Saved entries
BEGIN

text \<open>Evaluation of a polynomial P over C[T] in variables y_(m,i) at y_(m,i) := u_{2m}^(i) in A-tilde.
  Then P(ubar_{2m}^(i)) = 0 in the quotient A iff this lies in dideal rels.\<close>
definition evalU :: "((nat \<times> nat, nat) poly_mapping, complex poly) poly_mapping \<Rightarrow> Atil" where
  "evalU P = (\<Sum>\<alpha>\<in>Poly_Mapping.keys P. constA (Poly_Mapping.lookup P \<alpha>) *
       (\<Prod>v\<in>Poly_Mapping.keys \<alpha>. uvar (2 * fst v) (snd v) ^ Poly_Mapping.lookup \<alpha> v))"

end

theory Submission
  imports Defs
begin

text \<open>
  Let \<open>B\<close> send the coefficient sequence of \<open>L = \<Sum>\<^sub>k a\<^sub>k \<partial>\<^bsup>T-k\<^esup>\<close> to that of \<open>L\<^sup>*\<close>.
  The relations of \<open>\<A>\<close> say \<open>u = B u\<close>; \<open>B\<close> is an involution and is triangular with diagonal
  entry \<open>(-1)\<^sup>r\<close> at index \<open>r\<close>. For odd \<open>r\<close> the relation can therefore be solved for \<open>u\<^sub>r\<close>
  in terms of lower coefficients, which recursively defines \<open>ubar r\<close> from \<open>1\<close> and the free
  variables \<open>u\<^sub>2\<^sub>m\<close>. For even \<open>r\<close> the relation follows from the lower ones: \<open>d = u - B u\<close>
  satisfies \<open>B d = -d\<close>, which reads \<open>d\<^sub>r = -d\<^sub>r\<close> once \<open>d\<^sub>k = 0\<close> for \<open>k < r\<close>.
  So the differential substitution \<open>u\<^sub>k\<^bsup>(i)\<^esup> \<mapsto> \<partial>\<^sup>i (ubar k)\<close> annihilates the differential
  ideal of relations but fixes every polynomial in the \<open>u\<^sub>2\<^sub>m\<^bsup>(i)\<^esup>\<close> with \<open>m > 0\<close>; such a
  polynomial lying in the ideal is therefore zero.
\<close>

lemma sum_single_lookup: "(\<Sum>\<alpha>\<in>Poly_Mapping.keys p. Poly_Mapping.single \<alpha> (Poly_Mapping.lookup p \<alpha>)) = p"
  by (rule poly_mapping_eqI) (auto simp: lookup_sum lookup_single when_def in_keys_iff)
lemma AWDG_one_link_game:
  assumes \<tau>_pos: "\<And>x. x > 0 \<Longrightarrow> \<tau> x > 0"
  shows "AWDG (one_link_game \<tau>)"
  unfolding AWDG_def
proof (intro allI impI, elim conjE)
  fix dn :: "nat \<Rightarrow> nat \<Rightarrow> real" and fne fso
  let ?G = "one_link_game \<tau>"
  assume "filterlim (\<lambda>n. total_volume ?G (dn n)) at_top sequentially"
    and ne: "\<forall>n. is_NE ?G (dn n) (fne n)" and so: "\<forall>n. is_SO ?G (dn n) (fso n)"
  then have "\<forall>\<^sub>F n in sequentially. dn n 0 > 0"
    by (simp add: filterlim_at_top_dense)
  then have "\<forall>\<^sub>F n in sequentially. social_cost ?G (fne n) / social_cost ?G (fso n) = 1"
  proof eventually_elim
    case (elim n)
    have "fne n (0, [0]) = dn n 0" "fso n (0, [0]) = dn n 0"
      using ne so feasible_one_link_game unfolding is_NE_def is_SO_def by blast+
    then show ?case
      using elim \<tau>_pos[OF elim] by (simp add: social_cost_one_link_game)
  qed
  then show "(\<lambda>n. social_cost ?G (fne n) / social_cost ?G (fso n)) \<longlonglongrightarrow> 1"
    by (rule tendsto_eventually)
qed

text \<open>With a single group, (G4) fails unless that group is tight: otherwise the tight volume
  is identically 0.\<close>

lemma gaugeable_one_link_game_imp_asymptotic:
  assumes "gaugeable (one_link_game \<tau>)"
  obtains g r where "regularly_varying g" "r > 0" "((\<lambda>x. \<tau> x / g x) \<longlongrightarrow> r) at_top"
proof -
  let ?G = "one_link_game \<tau>"
  obtain g c where g: "regularly_varying g"
    and lim: "((\<lambda>x. ereal (\<tau> x / g x)) \<longlongrightarrow> c 0) at_top"
    and G4: "\<And>dn :: nat \<Rightarrow> nat \<Rightarrow> real. (\<forall>n. volume_vector ?G (dn n)) \<Longrightarrow>
               filterlim (\<lambda>n. total_volume ?G (dn n)) at_top sequentially \<Longrightarrow>
               liminf (\<lambda>n. ereal (tight_volume ?G c (dn n) / total_volume ?G (dn n))) > 0"
    using assms unfolding gaugeable_def by auto
  have tight: "tight_group ?G c 0"
  proof (rule ccontr)
    assume "\<not> tight_group ?G c 0"
    then have "tight_volume ?G c d = 0" for d
      unfolding tight_volume_def by (simp add: less_Suc_eq sum.neutral)
    moreover have "liminf (\<lambda>n. ereal (tight_volume ?G c (\<lambda>_. real n) / real n)) > 0"
      using G4[of "\<lambda>n _. real n"]
      by (simp add: volume_vector_def filterlim_real_sequentially)
    ultimately show False
      by (simp add: Liminf_const)
  qed
  then have "0 < c 0" "c 0 < \<infinity>"
    by (simp_all add: tight_group_def strat_gauge_def Let_def)
  then obtain r where "c 0 = ereal r" "r > 0"
    by (cases "c 0") auto
  with lim have "((\<lambda>x. \<tau> x / g x) \<longlongrightarrow> r) at_top"
    by (simp add: lim_ereal)
  with g \<open>r > 0\<close> show thesis
    using that by blast
qed

theorem theorem1:
  shows "\<exists>(Arcs :: nat set) (tail :: nat \<Rightarrow> nat) (head :: nat \<Rightarrow> nat) (K :: nat)
            (od :: nat \<Rightarrow> nat \<times> nat) (tau :: nat \<Rightarrow> real \<Rightarrow> real).
           routing_game_wf Arcs tail head K od tau \<and>
           AWDG (routing_ncg Arcs tail head K od tau) \<and>
           \<not> gaugeable (routing_ncg Arcs tail head K od tau)"
proof -
  have wf: "routing_game_wf {0} (\<lambda>_. 0) (\<lambda>_. 1) 1 (\<lambda>_. (0, 1)) (\<lambda>_. exp)"
    by (rule routing_game_wf_one_link) (auto simp: continuous_on_exp mono_on_def)
  have not_gaugeable: "\<not> gaugeable (one_link_game exp)"
  proof
    assume "gaugeable (one_link_game exp)"
    then obtain g r where "regularly_varying g" "r > 0" "((\<lambda>x. exp x / g x) \<longlongrightarrow> r) at_top"
      by (rule gaugeable_one_link_game_imp_asymptotic)
    then show False
      using tendsto_scaled_ratio_of_asymptotic[of g exp r 2] exp_ratio_not_convergent by auto
  qed
  have "AWDG (one_link_game exp)"
    by (rule AWDG_one_link_game) simp
  with wf not_gaugeable show ?thesis
    unfolding one_link_game_def by blast
qed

END

> _Exercise goal_
Could you restate word for word the lines above, from the one that contains "0 \<Longrightarrow> \<tau>" through the one that contains "(fso n)) \<longlonglongrightarrow>", and no others?

> _Answer for the task_
  assumes \<tau>_pos: "\<And>x. x > 0 \<Longrightarrow> \<tau> x > 0"
  shows "AWDG (one_link_game \<tau>)"
  unfolding AWDG_def
proof (intro allI impI, elim conjE)
  fix dn :: "nat \<Rightarrow> nat \<Rightarrow> real" and fne fso
  let ?G = "one_link_game \<tau>"
  assume "filterlim (\<lambda>n. total_volume ?G (dn n)) at_top sequentially"
    and ne: "\<forall>n. is_NE ?G (dn n) (fne n)" and so: "\<forall>n. is_SO ?G (dn n) (fso n)"
  then have "\<forall>\<^sub>F n in sequentially. dn n 0 > 0"
    by (simp add: filterlim_at_top_dense)
  then have "\<forall>\<^sub>F n in sequentially. social_cost ?G (fne n) / social_cost ?G (fso n) = 1"
  proof eventually_elim
    case (elim n)
    have "fne n (0, [0]) = dn n 0" "fso n (0, [0]) = dn n 0"
      using ne so feasible_one_link_game unfolding is_NE_def is_SO_def by blast+
    then show ?case
      using elim \<tau>_pos[OF elim] by (simp add: social_cost_one_link_game)
  qed
  then show "(\<lambda>n. social_cost ?G (fne n) / social_cost ?G (fso n)) \<longlonglongrightarrow> 1"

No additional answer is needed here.